lemma merge12_eq: "\<iota> \<in> PiE {1..n} P \<Longrightarrow> merge12 n P T' \<iota> = T' (merge_index n \<iota>)"
  by (simp add: merge12_def merge_index_def)

lemma merge_index_PiE:
  assumes "2 \<le> n" and "\<iota> \<in> PiE {1..n} P"
  shows "merge_index n \<iota> \<in> PiE {2..n} (P(2 := prod_encode ` (P 1 \<times> P 2)))"
  using assms by (auto simp: merge_index_def PiE_iff)

lemma prod_merge_index:
  assumes "2 \<le> n"
  shows "(\<Prod>v\<in>{2..n}. H v (merge_index n \<iota> v)) =
         H 2 (prod_encode (\<iota> 1, \<iota> 2)) * (\<Prod>v\<in>{3..n}. H v (\<iota> v))"
proof -
  have "{2..n} = insert 2 {3..n}" using assms by auto
  then show ?thesis by (simp add: merge_index_def)
qed

definition leaf_merge :: "(nat \<Rightarrow> nat) \<Rightarrow> (nat \<Rightarrow> local_tensor) \<Rightarrow> local_tensor" where
  "leaf_merge e Tl = (\<lambda>k a b. \<Sum>x<e 1.
     Tl 1 (fst (prod_decode k)) (a(1 := x)) (b(1 := x)) * Tl 2 (snd (prod_decode k)) (a(1 := x)) (b(1 := x)))"

text \<open>Conversely, an injection \<open>f\<close> of the basis \<open>A\<close> of \<open>V\<^sub>1\<close> into that of \<open>E\<^sub>1\<close> splits a
tensor at \<open>v\<^sub>2\<close>: \<open>v\<^sub>1\<close> carries \<open>f\<close>, and \<open>v\<^sub>2\<close> decodes the \<open>V\<^sub>1\<close>-index from its \<open>e\<^sub>1\<close>-leg.\<close>

definition leaf_split ::
  "(nat \<Rightarrow> nat) \<Rightarrow> (nat \<Rightarrow> nat) \<Rightarrow> nat set \<Rightarrow> (nat \<Rightarrow> local_tensor) \<Rightarrow> nat \<Rightarrow> local_tensor" where
  "leaf_split tgt f A Tl' v =
     (if v = 1 then (\<lambda>i a b. if edge_leg tgt 1 1 a b = f i then 1 else 0)
      else if v = 2 then (\<lambda>i a b. if edge_leg tgt 1 2 a b \<in> f ` A
        then Tl' 2 (prod_encode (the_inv_into A f (edge_leg tgt 1 2 a b), i)) a b else 0)
      else Tl' v)"

lemma leaf_split_contract:
  assumes "f ` A \<subseteq> {..<e 1}" and "inj_on f A" and "i \<in> A"
    and "local_ok E src tgt 2 (Tl' 2)" and "1 \<notin> E"
  shows "(\<Sum>x<e 1. leaf_split tgt f A Tl' 1 i (\<alpha>(1 := x)) (\<alpha>(1 := x)) *
                  leaf_split tgt f A Tl' 2 j (\<alpha>(1 := x)) (\<alpha>(1 := x))) =
         Tl' 2 (prod_encode (i, j)) \<alpha> \<alpha>"
proof -
  have "(\<Sum>x<e 1. leaf_split tgt f A Tl' 1 i (\<alpha>(1 := x)) (\<alpha>(1 := x)) *
                  leaf_split tgt f A Tl' 2 j (\<alpha>(1 := x)) (\<alpha>(1 := x))) =
        (\<Sum>x<e 1. if x = f i then leaf_split tgt f A Tl' 2 j (\<alpha>(1 := x)) (\<alpha>(1 := x)) else 0)"
    by (intro sum.cong refl) (simp add: leaf_split_def)
  also have "\<dots> = leaf_split tgt f A Tl' 2 j (\<alpha>(1 := f i)) (\<alpha>(1 := f i))"
    using assms(1,3) by auto
  also have "\<dots> = Tl' 2 (prod_encode (i, j)) (\<alpha>(1 := f i)) (\<alpha>(1 := f i))"
    using assms(2,3) by (simp add: leaf_split_def the_inv_into_f_f)
  also have "\<dots> = Tl' 2 (prod_encode (i, j)) \<alpha> \<alpha>"
    by (rule local_ok_fun_upd_other[OF assms(4)]) (use assms(5) in blast)
  finally show ?thesis .
qed

locale leaf_edge =
  fixes n m :: nat and src tgt :: "nat \<Rightarrow> nat"
  assumes two_le_n: "2 \<le> n" and one_le_m: "1 \<le> m"
    and leaf_edge_ends: "{src 1, tgt 1} = {1, 2}"
    and leaf_isolated: "\<forall>s\<in>{2..m}. src s \<noteq> 1 \<and> tgt s \<noteq> 1"
begin

lemma edges_eq: "{1..m} = insert 1 {2..m}"
  using one_le_m by auto

lemma vertices_eq: "{1..n} = insert 1 (insert 2 {3..n})"
  using two_le_n by auto

lemma leaf_edge_avoids: "v \<in> {3..n} \<Longrightarrow> src 1 \<noteq> v \<and> tgt 1 \<noteq> v"
  using leaf_edge_ends by (auto simp: doubleton_eq_iff)

lemma local_ok_drop_leaf_edge:
  "v \<in> {3..n} \<Longrightarrow> local_ok {1..m} src tgt v f \<Longrightarrow> local_ok {2..m} src tgt v f"
  by (erule local_ok_drop_edges) (unfold edges_eq, use leaf_edge_avoids in auto)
══════════════════════════════
Try it –
Which of the lines in the material carry the string "then"? Pull them out.

Expected output –
  then show ?thesis by (simp add: merge_index_def)
     (if v = 1 then (\<lambda>i a b. if edge_leg tgt 1 1 a b = f i then 1 else 0)
      else if v = 2 then (\<lambda>i a b. if edge_leg tgt 1 2 a b \<in> f ` A
        then Tl' 2 (prod_encode (the_inv_into A f (edge_leg tgt 1 2 a b), i)) a b else 0)
        (\<Sum>x<e 1. if x = f i then leaf_split tgt f A Tl' 2 j (\<alpha>(1 := x)) (\<alpha>(1 := x)) else 0)"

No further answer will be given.